Yep, that's what I meant by ECT. Can't say I expect it to be a particularly promising project even if it ever gets through the various approval processes!
Another thing to consider is the possible dissociation between anticipatory anhedonia and consummatory anhedonia. We tend to assume that we look forward to what we find pleasurable, and vice versa, but this is not actually always the case - recent schizophrenia research for example suggests that schizophrenics have impaired expectancy of pleasure and/or ability to take pleasure in the expectancy of something good, but normal pleasure when something good actually happens (this may be as much do to the meds as due to the illness, as this research was conducted only in medicated patients, and most of those medications block dopamine receptors). My impression is that this may also apply to so-called "atypical" depression - not feeling like anything's going to be good, not deriving pleasure from knowing of something good coming up, but still being able to take pleasure when it happens. Anhedonia in melancholia, however, is much more profound: it's both anticipatory and consummatory anhedonia.

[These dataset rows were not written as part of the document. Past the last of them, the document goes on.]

(* Let $A,B,C$, $L,\mu,\mu_x$, $\kappa$, $\kappa_x$ be as below, let $r\ge2\kappa$, $\eta_x=\frac{1}{4rL}$, $\eta_y=\frac{1}{4L}$ (so $r=\eta_y/\eta_x$), and $M=\begin{pmatrix}-C & -B\\ rB^\top & -rA\end{pmatrix}$. Let $\rho_1$ be the spectral radius of $I+\eta_xM$ and $\rho_2$ the spectral radius of $I+\eta_xM+\eta_x^2M^2$. Then $$\max\{\rho_1,\rho_2\}\le1-\frac{1}{64\,r\kappa_x}.$$
   Context: $A\in\mathbb{R}^{m\times m}$, $C\in\mathbb{R}^{n\times n}$ symmetric, $B\in\mathbb{R}^{n\times m}$, with $\mu I\preceq A\preceq LI$ ($0<\mu\le L$), $\|B\|_2\le L$, $\|C\|_2\le L$, and $C+BA^{-1}B^\top\succ0$. $\mu_x=\min\{L,\lambda_{\min}(C+BA^{-1}B^\top)\}$, $\kappa=L/\mu$, $\kappa_x=L/\mu_x$. The spectral radius is the largest modulus of a (complex) eigenvalue. *)

theory Defs
  imports "HOL-Analysis.Analysis"
begin

definition loewner_le :: "real^'k^'k \<Rightarrow> real^'k^'k \<Rightarrow> bool" where
  "loewner_le X Y \<longleftrightarrow> (\<forall>x. x \<bullet> (X *v x) \<le> x \<bullet> (Y *v x))"

definition pos_def_mat :: "real^'k^'k \<Rightarrow> bool" where
  "pos_def_mat S \<longleftrightarrow> (\<forall>x. x \<noteq> 0 \<longrightarrow> x \<bullet> (S *v x) > 0)"

definition spec_norm :: "real^'a^'b \<Rightarrow> real" where
  "spec_norm B = onorm (\<lambda>x. B *v x)"

definition real_eigenvalues :: "real^'k^'k \<Rightarrow> real set" where
  "real_eigenvalues S = {c. \<exists>v. v \<noteq> 0 \<and> S *v v = c *s v}"

definition lambda_min :: "real^'k^'k \<Rightarrow> real" where
  "lambda_min S = Min (real_eigenvalues S)"

definition cmat :: "real^'k^'k \<Rightarrow> complex^'k^'k" where
  "cmat M = (\<chi> i j. complex_of_real (M $ i $ j))"

definition complex_eigenvalues :: "real^'k^'k \<Rightarrow> complex set" where
  "complex_eigenvalues M = {c. \<exists>v. v \<noteq> 0 \<and> cmat M *v v = c *s v}"

definition spectral_radius :: "real^'k^'k \<Rightarrow> real" where
  "spectral_radius M = Max (cmod ` complex_eigenvalues M)"

definition block_M :: "real \<Rightarrow> real^'m^'m \<Rightarrow> real^'m^'n \<Rightarrow> real^'n^'n \<Rightarrow> real^('n + 'm)^('n + 'm)" where
  "block_M r A B C = (\<chi> i j. (case (i, j) of
      (Inl a, Inl b) \<Rightarrow> - (C $ a $ b)
    | (Inl a, Inr b) \<Rightarrow> - (B $ a $ b)
    | (Inr a, Inl b) \<Rightarrow> r * (B $ b $ a)
    | (Inr a, Inr b) \<Rightarrow> - r * (A $ a $ b)))"

end

theory Submission
  imports Defs "HOL-Computational_Algebra.Fundamental_Theorem_Algebra"
begin

(*
  Both iteration matrices are polynomials in M, so their eigenvalues are 1 + \<eta>\<lambda> and
  1 + \<eta>\<lambda> + (\<eta>\<lambda>)\<^sup>2 for eigenvalues \<lambda> = a + i b of M, with \<eta> = 1/(4rL).  Splitting an
  eigenvector into blocks (u, v) and pairing the two block equations with u and v gives:
  for real \<lambda>, -rL \<le> a \<le> -\<mu>x, the upper bound by evaluating the Schur complement form
  at u, because B\<^sup>T u = (a/r) v + A v; for non-real \<lambda>, the imaginary parts force
  |v|\<^sup>2 = r |u|\<^sup>2, whence 2a|u|\<^sup>2 = -(u\<^sup>*Cu + v\<^sup>*Av) \<le> (L - \<mu>r)|u|\<^sup>2 and, by Cauchy-Schwarz,
  |\<lambda>|\<^sup>2 \<le> 2L\<^sup>2 r.  In both cases z = \<eta>\<lambda> satisfies -1/4 \<le> Re z, |z|\<^sup>2 \<le> -Re z and
  Re z \<le> -2\<delta> with \<delta> = \<mu>x/(64rL), and these three inequalities already give
  |1 + z| \<le> 1 - \<delta> and |1 + z + z\<^sup>2| \<le> 1 - \<delta>.
*)

lemma poly_det: "poly (det (Q :: 'a::comm_ring_1 poly^'k^'k)) c = det (\<chi> i j. poly (Q$i$j) c)"
  unfolding det_def by (simp add: poly_sum poly_prod)

definition charpoly :: "'a::comm_ring_1^'k^'k \<Rightarrow> 'a poly" where
  "charpoly Z = det (\<chi> i j. [: - (Z$i$j), of_bool (i = j) :])"

lemma poly_charpoly: "poly (charpoly Z) c = det (mat c - Z)"
  unfolding charpoly_def poly_det by (rule arg_cong[where f = det]) (simp add: vec_eq_iff mat_def)

lemma det_eq_0_iff_kernel: "det (D :: 'a::field^'n^'n) = 0 \<longleftrightarrow> (\<exists>x. x \<noteq> 0 \<and> D *v x = 0)"
  by (metis invertible_det_nz invertible_left_inverse matrix_left_invertible_ker)

lemma mat_mult_vector: "mat c *v x = c *s (x :: 'a::semiring_1^'n)"
  by (simp add: vec_eq_iff matrix_vector_mult_def mat_def if_distrib[of "\<lambda>x. x * _"] cong: if_cong)

lemma charpoly_root_iff_eigenvalue:
  "poly (charpoly Z) c = 0 \<longleftrightarrow> (\<exists>v. v \<noteq> 0 \<and> (Z :: 'a::field^'k^'k) *v v = c *s v)"
  by (simp add: poly_charpoly det_eq_0_iff_kernel matrix_vector_mult_diff_rdistrib mat_mult_vector
      eq_commute[of "Z *v _"])

lemma coeff_charpoly_card: "coeff (charpoly (Z :: 'a::idom^'k^'k)) CARD('k) = 1"
proof -
  define Q where "Q = (\<chi> i j. [: - (Z$i$j), of_bool (i = j) :])"
  have degree_Q: "degree (Q$i$j) \<le> of_bool (i = j)" for i j
    by (simp add: Q_def)
  have "coeff (\<Prod>i\<in>UNIV. Q $ i $ p i) CARD('k) = 0" if p: "p \<noteq> id" for p :: "'k \<Rightarrow> 'k"
  proof -
    obtain i0 where i0: "p i0 \<noteq> i0" using p by (auto simp: fun_eq_iff)
    have "degree (\<Prod>i\<in>UNIV. Q $ i $ p i) \<le> (\<Sum>i\<in>UNIV. degree (Q $ i $ p i))"
      using degree_prod_sum_le[of UNIV "\<lambda>i. Q $ i $ p i"] by (simp add: o_def)
    also have "\<dots> = (\<Sum>i\<in>UNIV - {i0}. degree (Q $ i $ p i))"
      using degree_Q[of i0 "p i0"] i0 sum.remove[of UNIV i0 "\<lambda>i. degree (Q $ i $ p i)"] by simp
    also have "\<dots> \<le> (\<Sum>i\<in>UNIV - {i0}. 1)"
      by (rule sum_mono) (metis degree_Q of_bool_eq(1,2) le_SucI le_zero_eq One_nat_def)
    also have "\<dots> < CARD('k)" by simp
    finally show ?thesis by (simp add: coeff_eq_0)
  qed
  then have "coeff (charpoly Z) CARD('k) = coeff (\<Prod>i\<in>UNIV. Q $ i $ i) CARD('k)"
    unfolding charpoly_def Q_def[symmetric] det_def coeff_sum
    by (subst sum.remove[of _ id]) (auto simp: permutes_id finite_permutations sign_id of_int_poly)
  also have "\<dots> = 1"
  proof -
    have "degree (\<Prod>i\<in>UNIV. Q $ i $ i) = CARD('k)"
      by (subst degree_prod_eq_sum_degree) (auto simp: Q_def)
    moreover have "lead_coeff (\<Prod>i\<in>UNIV. Q $ i $ i) = 1"
      by (simp add: lead_coeff_prod Q_def)
    ultimately show ?thesis by simp
  qed
  finally show ?thesis .
qed

lemma degree_charpoly_pos: "0 < degree (charpoly (Z :: 'a::idom^'k^'k))"
proof -
  have "CARD('k) \<le> degree (charpoly Z)" by (rule le_degree) (simp add: coeff_charpoly_card)
  then show ?thesis using zero_less_card_finite[where 'a = 'k] by linarith
qed

lemma complex_eigenvalues_charpoly: "complex_eigenvalues N = {c. poly (charpoly (cmat N)) c = 0}"
  unfolding complex_eigenvalues_def charpoly_root_iff_eigenvalue ..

There's at least a few people out there who will say dopaminergic dysfunction is involved in anticipatory anhedonia and opioid and/or serotonergic dysfunction is involved in consummatory anhedonia. That's probably a massive over-simplification, perhaps to the point of being largely incorrect, but if it even vaguely approximates reality, it also adds to the explanation of why some medications that help some people with depression don't help others. Last I heard, though, around a third of people treated for depression with the "standard" classes of antidepressants don't have an adequate response even after multiple trials of different classes of those medications.